This post was written by Matthew Skelton co-author of Team Guide to Software Operability.
Deployability is now a first-class concern for databases, and there are several technical choices (conscious and accidental) which band together to block the deployability of databases. Can we improve database deployability and enable true Continuous Delivery for our software systems? Of course we can, but first we have to see the problems.
Until recently, the way in which software components (including databases) were deployed was not a primary consideration for most teams, but the rise of automated, programmable infrastructure, and powerful practices such as Continuous Delivery, has changed that. The ability to deploy rapidly, reliably, regularly, and repeatedly is now crucial for every aspect of our software.
This is part 3 of a 7-part series on removing blockers to Database Lifecycle Management that was initially published as an article on Simple Talk (and appearing here with permission):
- Minimize changes in Production
- Reduce accidental complexity
- Archive, distinguish, and split data
- Name things transparently
- Source Business Intelligence from a data warehouse
- Value more highly the need for change
- Avoid Production-only tooling and config where possible
The original article is Common database deployment blockers and Continuous Delivery headaches
Lack of data warehousing and archiving
Sheer data size can also work against deployability. Large backups take a long time to run, transmit, and restore, preventing effective use of the database in upstream testing. Moving from eight hours for a backup/transmit/restore cycle to even 30 minutes makes a huge difference in a Continuous Delivery context, particularly when you include a few retries in the process. In some of the post-Dotcom systems I mentioned above, around 70-80% of the data held in the core transactional database was historical data that was rarely requested or used, but was preventing the rapid export/restore of data that would have led to effective testing.

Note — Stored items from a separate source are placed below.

text \<open>Induction on \<open>K\<close>: if \<open>y\<close> separates \<open>b\<close> from the cone of \<open>a k\<close>, \<open>k \<in> K\<close>, but not from
  \<open>a k0\<close>, project everything along \<open>a k0\<close> onto the hyperplane orthogonal to \<open>y\<close> and apply the
  induction hypothesis there; both alternatives lift back.\<close>

lemma farkas_alternative:
  assumes "finite K" "finite I"
  shows "nonneg_combination_on I a K b \<or>
    (\<exists>y. (\<forall>k\<in>K. dot_on I y (a k) \<le> 0) \<and> 0 < dot_on I y b)"
  using assms(1)
proof (induction K arbitrary: a b rule: finite_induct)
  case empty
  show ?case
  proof (cases "\<forall>t\<in>I. b t = 0")
    case True
    then show ?thesis unfolding nonneg_combination_on_def by simp
  next
    case False
    then show ?thesis using dot_on_self_pos[OF assms(2)] by blast
  qed
next
  case (insert k0 K)
  consider (cone) "nonneg_combination_on I a K b"
    | (separated) y where "\<forall>k\<in>K. dot_on I y (a k) \<le> 0" "0 < dot_on I y b"
    using insert.IH[of a b] by blast
  then show ?case
  proof cases
    case cone
    show ?thesis using nonneg_combination_on_insert[OF cone insert.hyps] ..
  next
    case (separated y)
    show ?thesis
    proof (cases "dot_on I y (a k0) \<le> 0")
      case True
      then show ?thesis using separated by auto
    next
      case False
      let ?P = "proj_along I y (a k0)"
      consider (cone') "nonneg_combination_on I (\<lambda>k. ?P (a k)) K (?P b)"
        | (separated') z where "\<forall>k\<in>K. dot_on I z (?P (a k)) \<le> 0" "0 < dot_on I z (?P b)"
        using insert.IH[of "\<lambda>k. ?P (a k)" "?P b"] by blast
      then show ?thesis
      proof cases
        case cone'
        have "nonneg_combination_on I a (insert k0 K) b"
          using False separated(2)
          by (intro nonneg_combination_on_unproject[OF insert.hyps _ separated(1) _ cone']) auto
        then show ?thesis ..
      next
        case (separated' z)
        define w where "w = proj_along I (a k0) y z"
        have "dot_on I w v = dot_on I z (?P v)" for v
          unfolding w_def by (rule dot_on_proj_along_adjoint)
        moreover have "?P (a k0) = (\<lambda>_. 0)"
          using False by (simp add: proj_along_self)
        ultimately show ?thesis
          using separated' by (intro disjI2 exI[of _ w]) (simp add: dot_on_def)
      qed
    qed
  qed
qed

Remedy: Archive, distinguish, and split data
This is one of the issues which is, at least at first glance, more pertinent to databases than many we’ve discussed (certainly more painful in many cases.) Applications (and developers) need to be more ‘patient’ when working with data; we should not expect to have all data readily to hand, but instead appreciate that data should, in fact, be archived. Working in a more asynchronous, request-and-callback fashion has the benefit of allowing smaller ‘Live’ databases, making restoring and testing on real data easier and quicker. By archiving rarely-requested data, we can drastically reduce the size of our ‘data space’ to something that more accurately reflects user demand. Of course, applications then need to be updated to understand that ‘live’ data is held only for (say) 9 or 12 months (depending on business need), and so to treat ‘live’ and historical data as two discrete sets.

In practice this might mean performing an asynchronous, lazy load for historical data (archived to secondary or tertiary location and rehydrated for the user when requested), but a synchronous, greedy load for ‘live’ data. This live vs. historical approach also matches human expectations, where ‘retrieving from an archive’ is naturally understood to take longer, so your users shouldn’t be up in arms.
Of course, we still need to distinguish between data that correctly belongs in a large central database, and data that has been added out of laziness or mere convenience, and store them separately. Once we’ve managed to split data along sensible partitions, we can also begin to practice polyglot persistence and use databases to their strengths: a relational database where the data is relational, a graph database where the data is highly connected, a document database where the data is more document-like, and so on.
Fortunately, there are tried and tested patterns for building software systems that do not have single central data stores: Event Sourcing, CQRS, and message-queue based publish/subscribe asynchronous designs work well and are highly scalable. The ‘microservices‘ approach is another way to improve deployability, and is deep enough to warrant its own article later on.
These approaches are not easy, but the requirement for rapid and reliable changes (for which Continuous Delivery is a good starting point) already makes the problem domain more tricky, so we should expect an increase in the required skills.